--- INPUT MATERIAL Enclosed Below ---
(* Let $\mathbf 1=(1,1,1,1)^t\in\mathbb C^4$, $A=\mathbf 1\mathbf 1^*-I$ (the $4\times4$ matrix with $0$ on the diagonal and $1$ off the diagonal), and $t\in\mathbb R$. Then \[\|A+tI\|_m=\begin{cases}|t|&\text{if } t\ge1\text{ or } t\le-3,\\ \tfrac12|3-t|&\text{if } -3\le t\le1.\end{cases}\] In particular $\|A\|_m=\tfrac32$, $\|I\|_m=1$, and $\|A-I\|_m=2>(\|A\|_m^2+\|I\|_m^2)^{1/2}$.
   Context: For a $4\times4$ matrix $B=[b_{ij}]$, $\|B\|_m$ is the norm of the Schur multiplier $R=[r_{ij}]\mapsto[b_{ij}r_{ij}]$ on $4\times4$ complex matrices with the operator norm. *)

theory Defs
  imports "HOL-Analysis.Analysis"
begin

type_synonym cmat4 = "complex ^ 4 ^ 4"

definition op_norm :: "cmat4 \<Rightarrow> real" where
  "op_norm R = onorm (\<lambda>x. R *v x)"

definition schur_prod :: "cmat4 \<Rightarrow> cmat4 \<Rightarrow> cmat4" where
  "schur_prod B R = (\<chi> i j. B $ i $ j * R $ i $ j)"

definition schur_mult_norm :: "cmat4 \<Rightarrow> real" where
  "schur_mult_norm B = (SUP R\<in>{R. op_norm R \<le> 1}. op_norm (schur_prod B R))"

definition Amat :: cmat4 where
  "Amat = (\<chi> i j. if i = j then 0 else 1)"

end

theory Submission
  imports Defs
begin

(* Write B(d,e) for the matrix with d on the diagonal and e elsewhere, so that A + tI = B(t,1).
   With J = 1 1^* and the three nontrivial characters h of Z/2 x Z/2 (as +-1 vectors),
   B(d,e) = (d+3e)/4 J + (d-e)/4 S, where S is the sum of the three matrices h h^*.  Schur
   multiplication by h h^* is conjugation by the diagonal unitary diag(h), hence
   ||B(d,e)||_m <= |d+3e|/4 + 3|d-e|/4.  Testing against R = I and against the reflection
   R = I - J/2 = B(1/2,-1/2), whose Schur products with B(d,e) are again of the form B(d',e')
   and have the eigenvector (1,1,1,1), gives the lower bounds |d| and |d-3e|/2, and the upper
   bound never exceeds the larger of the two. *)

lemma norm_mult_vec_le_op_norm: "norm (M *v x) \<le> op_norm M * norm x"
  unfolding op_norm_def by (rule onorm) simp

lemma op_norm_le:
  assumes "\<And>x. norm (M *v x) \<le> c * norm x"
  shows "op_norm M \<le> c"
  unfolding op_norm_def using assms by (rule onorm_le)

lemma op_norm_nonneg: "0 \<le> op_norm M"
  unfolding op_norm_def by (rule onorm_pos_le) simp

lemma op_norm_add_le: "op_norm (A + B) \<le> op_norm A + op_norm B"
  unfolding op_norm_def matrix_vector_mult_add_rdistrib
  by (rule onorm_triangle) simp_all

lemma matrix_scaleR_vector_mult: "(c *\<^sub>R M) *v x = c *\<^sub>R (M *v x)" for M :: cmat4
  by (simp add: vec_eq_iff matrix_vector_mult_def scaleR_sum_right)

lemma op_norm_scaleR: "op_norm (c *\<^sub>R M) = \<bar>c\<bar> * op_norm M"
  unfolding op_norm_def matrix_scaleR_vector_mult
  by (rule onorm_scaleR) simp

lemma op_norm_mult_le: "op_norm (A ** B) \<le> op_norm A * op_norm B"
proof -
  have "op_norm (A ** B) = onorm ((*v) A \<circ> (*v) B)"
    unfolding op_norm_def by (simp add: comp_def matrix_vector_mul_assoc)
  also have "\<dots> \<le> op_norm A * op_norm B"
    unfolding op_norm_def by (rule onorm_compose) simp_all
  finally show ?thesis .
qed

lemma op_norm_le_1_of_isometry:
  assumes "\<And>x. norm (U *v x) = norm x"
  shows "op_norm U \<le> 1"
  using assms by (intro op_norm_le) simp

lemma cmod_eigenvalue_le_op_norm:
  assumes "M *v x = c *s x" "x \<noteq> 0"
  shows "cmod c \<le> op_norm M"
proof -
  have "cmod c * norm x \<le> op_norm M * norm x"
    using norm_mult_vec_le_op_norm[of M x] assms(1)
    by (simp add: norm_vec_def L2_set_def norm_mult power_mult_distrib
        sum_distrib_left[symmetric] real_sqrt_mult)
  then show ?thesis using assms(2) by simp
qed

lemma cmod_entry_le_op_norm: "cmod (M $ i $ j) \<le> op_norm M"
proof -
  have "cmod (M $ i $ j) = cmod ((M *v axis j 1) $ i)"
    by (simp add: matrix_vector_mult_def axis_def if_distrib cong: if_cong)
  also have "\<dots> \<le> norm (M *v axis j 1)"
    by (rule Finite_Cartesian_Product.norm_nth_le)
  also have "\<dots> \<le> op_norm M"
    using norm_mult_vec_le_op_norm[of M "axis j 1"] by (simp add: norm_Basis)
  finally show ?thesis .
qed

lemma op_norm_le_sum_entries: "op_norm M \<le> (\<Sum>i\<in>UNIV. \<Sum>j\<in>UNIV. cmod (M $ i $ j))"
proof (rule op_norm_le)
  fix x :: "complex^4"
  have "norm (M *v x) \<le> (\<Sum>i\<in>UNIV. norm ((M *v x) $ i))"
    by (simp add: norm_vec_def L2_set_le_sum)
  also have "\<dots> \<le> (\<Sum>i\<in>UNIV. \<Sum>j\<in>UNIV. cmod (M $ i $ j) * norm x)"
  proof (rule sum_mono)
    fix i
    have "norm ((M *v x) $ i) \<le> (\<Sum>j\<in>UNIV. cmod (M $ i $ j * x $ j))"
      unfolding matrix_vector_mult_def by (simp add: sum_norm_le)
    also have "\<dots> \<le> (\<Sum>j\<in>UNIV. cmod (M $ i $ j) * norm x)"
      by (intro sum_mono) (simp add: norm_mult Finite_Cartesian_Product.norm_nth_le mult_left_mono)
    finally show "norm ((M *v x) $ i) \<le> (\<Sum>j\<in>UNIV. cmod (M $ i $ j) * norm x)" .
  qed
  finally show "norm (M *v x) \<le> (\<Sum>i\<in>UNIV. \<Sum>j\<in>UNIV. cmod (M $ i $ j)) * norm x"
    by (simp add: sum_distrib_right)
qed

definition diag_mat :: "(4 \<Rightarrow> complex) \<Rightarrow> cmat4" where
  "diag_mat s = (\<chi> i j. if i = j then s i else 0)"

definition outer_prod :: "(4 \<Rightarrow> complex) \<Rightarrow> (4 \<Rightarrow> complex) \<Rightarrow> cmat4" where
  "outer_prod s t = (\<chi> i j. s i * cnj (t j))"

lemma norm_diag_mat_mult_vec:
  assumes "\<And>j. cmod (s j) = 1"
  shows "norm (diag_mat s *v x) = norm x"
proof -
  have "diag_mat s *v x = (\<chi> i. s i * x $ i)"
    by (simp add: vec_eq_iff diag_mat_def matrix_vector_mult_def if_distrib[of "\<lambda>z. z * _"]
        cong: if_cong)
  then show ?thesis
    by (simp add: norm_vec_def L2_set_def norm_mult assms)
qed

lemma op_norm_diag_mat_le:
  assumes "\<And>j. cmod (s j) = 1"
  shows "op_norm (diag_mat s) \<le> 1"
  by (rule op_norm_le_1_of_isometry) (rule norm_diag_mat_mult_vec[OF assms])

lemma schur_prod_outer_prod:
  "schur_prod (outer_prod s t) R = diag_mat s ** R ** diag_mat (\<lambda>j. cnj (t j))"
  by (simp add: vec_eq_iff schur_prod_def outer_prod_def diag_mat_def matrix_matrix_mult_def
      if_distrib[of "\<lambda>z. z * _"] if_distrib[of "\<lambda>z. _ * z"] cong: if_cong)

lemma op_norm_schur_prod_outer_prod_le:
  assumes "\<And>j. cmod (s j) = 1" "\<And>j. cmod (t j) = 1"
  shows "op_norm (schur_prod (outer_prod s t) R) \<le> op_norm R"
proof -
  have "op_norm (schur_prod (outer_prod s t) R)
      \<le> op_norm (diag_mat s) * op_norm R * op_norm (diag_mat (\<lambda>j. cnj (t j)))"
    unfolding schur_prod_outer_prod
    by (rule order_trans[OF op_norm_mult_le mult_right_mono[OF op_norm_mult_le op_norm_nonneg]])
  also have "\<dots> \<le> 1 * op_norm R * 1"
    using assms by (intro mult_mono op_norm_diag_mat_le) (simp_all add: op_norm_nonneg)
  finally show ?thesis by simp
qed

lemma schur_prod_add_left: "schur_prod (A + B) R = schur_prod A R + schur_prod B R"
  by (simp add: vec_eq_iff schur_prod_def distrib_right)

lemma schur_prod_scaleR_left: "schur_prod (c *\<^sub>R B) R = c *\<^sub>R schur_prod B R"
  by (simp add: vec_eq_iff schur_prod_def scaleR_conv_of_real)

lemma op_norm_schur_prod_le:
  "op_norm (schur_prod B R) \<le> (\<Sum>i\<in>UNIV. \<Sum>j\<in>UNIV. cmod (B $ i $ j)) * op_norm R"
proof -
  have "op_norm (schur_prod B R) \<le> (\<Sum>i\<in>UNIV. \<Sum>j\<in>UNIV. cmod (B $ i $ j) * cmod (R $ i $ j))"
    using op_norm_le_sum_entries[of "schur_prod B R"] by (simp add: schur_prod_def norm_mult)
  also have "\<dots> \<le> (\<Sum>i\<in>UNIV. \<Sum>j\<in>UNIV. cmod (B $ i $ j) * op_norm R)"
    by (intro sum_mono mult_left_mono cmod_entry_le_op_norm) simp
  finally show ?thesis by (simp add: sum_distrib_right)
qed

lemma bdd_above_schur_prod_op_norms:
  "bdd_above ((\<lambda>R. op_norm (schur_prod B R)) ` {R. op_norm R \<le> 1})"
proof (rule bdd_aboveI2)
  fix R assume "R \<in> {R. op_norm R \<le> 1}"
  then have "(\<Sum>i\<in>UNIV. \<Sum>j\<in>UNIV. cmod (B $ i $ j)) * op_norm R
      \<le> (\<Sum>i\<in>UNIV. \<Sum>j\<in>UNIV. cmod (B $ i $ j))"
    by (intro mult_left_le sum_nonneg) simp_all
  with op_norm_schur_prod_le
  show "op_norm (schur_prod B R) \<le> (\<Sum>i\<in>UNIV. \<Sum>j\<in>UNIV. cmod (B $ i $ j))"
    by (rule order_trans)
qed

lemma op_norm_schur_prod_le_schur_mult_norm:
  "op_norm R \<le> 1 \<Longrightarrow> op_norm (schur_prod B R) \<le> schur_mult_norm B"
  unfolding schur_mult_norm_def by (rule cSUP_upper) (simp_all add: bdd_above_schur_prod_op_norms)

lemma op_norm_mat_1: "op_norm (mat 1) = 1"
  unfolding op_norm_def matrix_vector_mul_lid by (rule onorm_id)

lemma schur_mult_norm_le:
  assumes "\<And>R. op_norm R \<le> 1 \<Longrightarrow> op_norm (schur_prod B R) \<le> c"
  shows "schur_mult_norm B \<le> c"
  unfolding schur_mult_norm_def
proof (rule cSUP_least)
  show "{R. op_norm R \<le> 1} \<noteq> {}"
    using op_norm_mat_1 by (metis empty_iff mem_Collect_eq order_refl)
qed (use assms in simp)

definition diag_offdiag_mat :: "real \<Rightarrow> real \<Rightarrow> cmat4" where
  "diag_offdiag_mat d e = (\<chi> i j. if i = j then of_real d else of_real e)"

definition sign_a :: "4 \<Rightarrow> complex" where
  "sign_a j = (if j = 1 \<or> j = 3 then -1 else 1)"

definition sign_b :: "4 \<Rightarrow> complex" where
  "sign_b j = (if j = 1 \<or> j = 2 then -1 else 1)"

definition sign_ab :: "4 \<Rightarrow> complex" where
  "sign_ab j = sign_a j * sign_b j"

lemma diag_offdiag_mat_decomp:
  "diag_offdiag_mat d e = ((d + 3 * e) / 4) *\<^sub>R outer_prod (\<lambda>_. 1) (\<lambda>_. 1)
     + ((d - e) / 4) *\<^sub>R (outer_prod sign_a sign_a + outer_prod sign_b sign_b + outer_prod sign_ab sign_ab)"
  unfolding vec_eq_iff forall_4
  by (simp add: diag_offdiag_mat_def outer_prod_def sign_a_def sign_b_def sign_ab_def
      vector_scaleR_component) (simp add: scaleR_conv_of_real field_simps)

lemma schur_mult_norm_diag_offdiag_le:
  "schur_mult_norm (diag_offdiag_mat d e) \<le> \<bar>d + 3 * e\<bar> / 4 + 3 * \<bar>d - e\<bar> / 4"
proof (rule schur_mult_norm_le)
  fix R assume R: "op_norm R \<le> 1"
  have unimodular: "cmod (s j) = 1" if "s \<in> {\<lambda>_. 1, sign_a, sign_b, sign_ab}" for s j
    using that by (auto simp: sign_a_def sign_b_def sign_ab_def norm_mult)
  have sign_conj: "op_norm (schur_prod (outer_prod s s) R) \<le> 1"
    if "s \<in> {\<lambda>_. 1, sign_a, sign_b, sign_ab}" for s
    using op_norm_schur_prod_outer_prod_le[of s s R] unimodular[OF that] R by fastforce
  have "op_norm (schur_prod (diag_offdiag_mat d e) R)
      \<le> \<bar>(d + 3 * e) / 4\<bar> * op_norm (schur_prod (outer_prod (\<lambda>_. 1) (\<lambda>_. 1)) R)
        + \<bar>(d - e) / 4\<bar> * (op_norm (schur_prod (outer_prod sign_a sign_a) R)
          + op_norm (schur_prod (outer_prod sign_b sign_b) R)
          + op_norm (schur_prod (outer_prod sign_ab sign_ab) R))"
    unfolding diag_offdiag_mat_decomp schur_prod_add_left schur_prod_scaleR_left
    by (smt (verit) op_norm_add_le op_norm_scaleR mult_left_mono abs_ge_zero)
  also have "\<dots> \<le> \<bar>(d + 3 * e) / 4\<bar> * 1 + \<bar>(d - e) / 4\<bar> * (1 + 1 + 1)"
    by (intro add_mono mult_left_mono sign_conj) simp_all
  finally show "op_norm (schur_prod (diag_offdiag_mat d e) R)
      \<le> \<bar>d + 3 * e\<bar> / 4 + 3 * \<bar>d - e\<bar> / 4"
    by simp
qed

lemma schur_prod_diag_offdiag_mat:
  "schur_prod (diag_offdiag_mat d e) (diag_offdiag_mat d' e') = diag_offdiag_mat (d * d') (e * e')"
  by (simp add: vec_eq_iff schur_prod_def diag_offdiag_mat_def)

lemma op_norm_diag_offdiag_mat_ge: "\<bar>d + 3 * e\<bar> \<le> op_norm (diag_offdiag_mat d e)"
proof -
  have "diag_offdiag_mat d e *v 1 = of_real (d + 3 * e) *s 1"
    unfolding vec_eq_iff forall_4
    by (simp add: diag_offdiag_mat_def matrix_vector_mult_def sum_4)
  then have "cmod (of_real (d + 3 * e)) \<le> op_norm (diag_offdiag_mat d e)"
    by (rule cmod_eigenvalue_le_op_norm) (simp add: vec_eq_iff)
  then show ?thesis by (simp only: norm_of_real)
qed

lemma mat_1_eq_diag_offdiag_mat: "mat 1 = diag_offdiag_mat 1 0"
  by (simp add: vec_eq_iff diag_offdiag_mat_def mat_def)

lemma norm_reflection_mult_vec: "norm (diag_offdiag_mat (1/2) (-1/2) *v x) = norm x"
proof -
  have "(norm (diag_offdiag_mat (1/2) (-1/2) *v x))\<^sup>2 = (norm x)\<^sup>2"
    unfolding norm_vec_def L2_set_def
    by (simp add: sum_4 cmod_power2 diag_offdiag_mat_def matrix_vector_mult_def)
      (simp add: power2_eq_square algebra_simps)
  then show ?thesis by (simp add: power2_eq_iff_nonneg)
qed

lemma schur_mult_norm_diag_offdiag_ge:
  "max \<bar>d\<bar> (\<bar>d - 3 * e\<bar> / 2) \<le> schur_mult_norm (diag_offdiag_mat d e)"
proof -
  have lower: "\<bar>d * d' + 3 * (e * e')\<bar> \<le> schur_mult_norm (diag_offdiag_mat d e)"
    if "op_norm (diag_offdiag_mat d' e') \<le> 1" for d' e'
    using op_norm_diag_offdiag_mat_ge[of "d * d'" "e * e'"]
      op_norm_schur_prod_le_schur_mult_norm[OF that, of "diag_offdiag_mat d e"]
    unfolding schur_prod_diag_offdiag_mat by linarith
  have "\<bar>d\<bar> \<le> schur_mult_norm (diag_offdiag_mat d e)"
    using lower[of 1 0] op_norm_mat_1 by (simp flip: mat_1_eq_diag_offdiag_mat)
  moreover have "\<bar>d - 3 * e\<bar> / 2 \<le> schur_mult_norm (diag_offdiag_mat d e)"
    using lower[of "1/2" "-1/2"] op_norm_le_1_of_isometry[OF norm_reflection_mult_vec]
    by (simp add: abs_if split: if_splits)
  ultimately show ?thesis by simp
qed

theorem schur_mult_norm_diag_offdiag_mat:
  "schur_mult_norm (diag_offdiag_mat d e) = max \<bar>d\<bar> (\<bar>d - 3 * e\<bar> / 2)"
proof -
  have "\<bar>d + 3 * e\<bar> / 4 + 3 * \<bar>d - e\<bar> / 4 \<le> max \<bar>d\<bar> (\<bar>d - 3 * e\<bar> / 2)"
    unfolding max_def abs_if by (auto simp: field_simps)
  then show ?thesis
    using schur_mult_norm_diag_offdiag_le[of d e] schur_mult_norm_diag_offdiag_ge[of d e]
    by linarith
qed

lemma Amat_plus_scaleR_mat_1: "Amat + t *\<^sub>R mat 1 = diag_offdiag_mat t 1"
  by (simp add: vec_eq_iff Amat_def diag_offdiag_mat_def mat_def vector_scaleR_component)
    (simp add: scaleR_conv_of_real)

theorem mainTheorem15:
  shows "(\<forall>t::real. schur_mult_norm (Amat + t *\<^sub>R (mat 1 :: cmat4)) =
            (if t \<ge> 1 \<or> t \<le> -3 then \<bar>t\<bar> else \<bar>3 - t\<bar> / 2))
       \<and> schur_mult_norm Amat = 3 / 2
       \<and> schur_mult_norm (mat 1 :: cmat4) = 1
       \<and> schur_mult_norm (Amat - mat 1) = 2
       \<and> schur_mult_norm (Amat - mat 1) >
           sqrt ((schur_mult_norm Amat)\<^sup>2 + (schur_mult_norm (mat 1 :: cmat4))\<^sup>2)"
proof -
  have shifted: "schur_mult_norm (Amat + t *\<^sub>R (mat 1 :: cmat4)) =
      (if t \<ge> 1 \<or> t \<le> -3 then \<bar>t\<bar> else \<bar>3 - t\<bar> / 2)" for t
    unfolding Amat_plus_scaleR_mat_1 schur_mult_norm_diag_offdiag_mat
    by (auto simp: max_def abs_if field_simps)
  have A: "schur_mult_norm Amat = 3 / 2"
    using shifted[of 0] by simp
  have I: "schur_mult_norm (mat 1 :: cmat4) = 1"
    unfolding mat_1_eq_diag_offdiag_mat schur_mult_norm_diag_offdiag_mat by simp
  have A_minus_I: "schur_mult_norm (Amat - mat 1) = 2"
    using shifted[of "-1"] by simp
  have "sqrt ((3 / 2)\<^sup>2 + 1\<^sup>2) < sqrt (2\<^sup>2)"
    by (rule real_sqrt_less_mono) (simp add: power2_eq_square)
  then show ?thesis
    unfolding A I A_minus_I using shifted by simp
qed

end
--- End of Enclosed INPUT MATERIAL ---
The word "thesis" appears in some lines above. Return every one of those lines.

  finally show ?thesis .
  then show ?thesis using assms(2) by simp
  finally show ?thesis .
  then show ?thesis
  finally show ?thesis by simp
  finally show ?thesis by (simp add: sum_distrib_right)
  then show ?thesis by (simp only: norm_of_real)
  then show ?thesis by (simp add: power2_eq_iff_nonneg)
  ultimately show ?thesis by simp
  then show ?thesis
  then show ?thesis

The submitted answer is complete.